┌──

lemma root_cong_square_iff:
  fixes a c k n \<alpha> \<alpha>1 \<alpha>2 u1 u2 P e :: int and m k1 n1 :: nat
  assumes "prime P" and "0 < m"
    and "\<not> P dvd k * int m - n" and "\<not> P dvd k * int m * c" and "\<not> P dvd k * u1 + n * u2"
    and \<alpha>1: "[(k * int m - n) * \<alpha>1 = n * c] (mod P^2)"
    and \<alpha>2: "[a * (k * int m - n) ^ m * \<alpha>2 = (k * int m * c) ^ m] (mod P^2)"
    and \<alpha>k: "[\<alpha> ^ k1 = \<alpha>1 * (1 - u2 * P * e)] (mod P^2)"
    and \<alpha>n: "[\<alpha> ^ n1 = \<alpha>2 * (1 + u1 * P * e)] (mod P^2)"
  shows "[(\<alpha> ^ k1 + c) ^ m - a * \<alpha> ^ n1 = 0] (mod P^2) \<longleftrightarrow> P dvd e"
proof -
  obtain m' where m: "m = Suc m'"
    using \<open>0 < m\<close> gr0_implies_Suc by blast
  define N where "N = k * int m - n"
  define X where "X = \<alpha>1 + c"
  define W where "W = int m * u2 * \<alpha>1 + u1 * X"
  have "P dvd P^2"
    by simp
  have "coprime N (P^2)"
    using \<open>prime P\<close> \<open>\<not> P dvd k * int m - n\<close> unfolding N_def
    by (simp add: prime_imp_coprime coprime_commute)
  have NX: "[N * X = k * int m * c] (mod P^2)"
    using cong_add[OF \<alpha>1 cong_refl[of "N * c"]] by (simp add: N_def X_def algebra_simps)
  have "[a * \<alpha>2 = (\<alpha>1 + c) ^ Suc m'] (mod P^2)"
    using cong_power_cancel_unit[OF \<open>coprime N (P^2)\<close> NX \<alpha>2[folded N_def]] by (simp add: X_def m)
  from root_expression_cong_square[OF this \<alpha>k \<alpha>n]
  have R: "[(\<alpha> ^ k1 + c) ^ m - a * \<alpha> ^ n1 = P * (- e * X ^ m' * W)] (mod P^2)"
    by (simp add: m X_def W_def mult.assoc)
  have "N * W = int m * u2 * (N * \<alpha>1) + u1 * (N * X)"
    by (simp add: W_def algebra_simps)
  also have "[\<dots> = int m * u2 * (n * c) + u1 * (k * int m * c)] (mod P)"
    using cong_dvd_modulus[OF \<alpha>1[folded N_def] \<open>P dvd P^2\<close>] cong_dvd_modulus[OF NX \<open>P dvd P^2\<close>]
    by (intro cong_add cong_mult[OF cong_refl])
  also have "int m * u2 * (n * c) + u1 * (k * int m * c) = int m * c * (k * u1 + n * u2)"
    by (simp add: algebra_simps)
  finally have NW: "[N * W = int m * c * (k * u1 + n * u2)] (mod P)" .
  have "\<not> P dvd X"
    using cong_dvd_iff[OF cong_dvd_modulus[OF NX \<open>P dvd P^2\<close>]] \<open>\<not> P dvd k * int m * c\<close>
    by (metis dvd_mult)
  have "[(\<alpha> ^ k1 + c) ^ m - a * \<alpha> ^ n1 = 0] (mod P^2) \<longleftrightarrow> P dvd e * X ^ m' * W"
    using R \<open>prime P\<close> by (simp add: cong_0_iff cong_dvd_iff power2_eq_square)
  also have "\<dots> \<longleftrightarrow> P dvd e * X ^ m' * (N * W)"
    using \<open>prime P\<close> \<open>\<not> P dvd k * int m - n\<close> by (simp add: N_def prime_dvd_mult_iff)
  also have "\<dots> \<longleftrightarrow> P dvd e * X ^ m' * (int m * c * (k * u1 + n * u2))"
    using cong_dvd_iff[OF cong_scalar_left[OF NW, of "e * X ^ m'"]] by simp
  also have "\<dots> \<longleftrightarrow> P dvd e"
    using \<open>prime P\<close> \<open>\<not> P dvd X\<close> \<open>\<not> P dvd k * int m * c\<close> \<open>\<not> P dvd k * u1 + n * u2\<close>
    by (auto simp: prime_dvd_mult_iff dest: prime_dvd_power)
  finally show ?thesis .
qed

└──

Retype exactly the lines from the start of the entries through the one with "using cong_power_cancel_unit[OF \<open>coprime"; include both ends.

- _Output below_:
lemma root_cong_square_iff:
  fixes a c k n \<alpha> \<alpha>1 \<alpha>2 u1 u2 P e :: int and m k1 n1 :: nat
  assumes "prime P" and "0 < m"
    and "\<not> P dvd k * int m - n" and "\<not> P dvd k * int m * c" and "\<not> P dvd k * u1 + n * u2"
    and \<alpha>1: "[(k * int m - n) * \<alpha>1 = n * c] (mod P^2)"
    and \<alpha>2: "[a * (k * int m - n) ^ m * \<alpha>2 = (k * int m * c) ^ m] (mod P^2)"
    and \<alpha>k: "[\<alpha> ^ k1 = \<alpha>1 * (1 - u2 * P * e)] (mod P^2)"
    and \<alpha>n: "[\<alpha> ^ n1 = \<alpha>2 * (1 + u1 * P * e)] (mod P^2)"
  shows "[(\<alpha> ^ k1 + c) ^ m - a * \<alpha> ^ n1 = 0] (mod P^2) \<longleftrightarrow> P dvd e"
proof -
  obtain m' where m: "m = Suc m'"
    using \<open>0 < m\<close> gr0_implies_Suc by blast
  define N where "N = k * int m - n"
  define X where "X = \<alpha>1 + c"
  define W where "W = int m * u2 * \<alpha>1 + u1 * X"
  have "P dvd P^2"
    by simp
  have "coprime N (P^2)"
    using \<open>prime P\<close> \<open>\<not> P dvd k * int m - n\<close> unfolding N_def
    by (simp add: prime_imp_coprime coprime_commute)
  have NX: "[N * X = k * int m * c] (mod P^2)"
    using cong_add[OF \<alpha>1 cong_refl[of "N * c"]] by (simp add: N_def X_def algebra_simps)
  have "[a * \<alpha>2 = (\<alpha>1 + c) ^ Suc m'] (mod P^2)"
    using cong_power_cancel_unit[OF \<open>coprime N (P^2)\<close> NX \<alpha>2[folded N_def]] by (simp add: X_def m)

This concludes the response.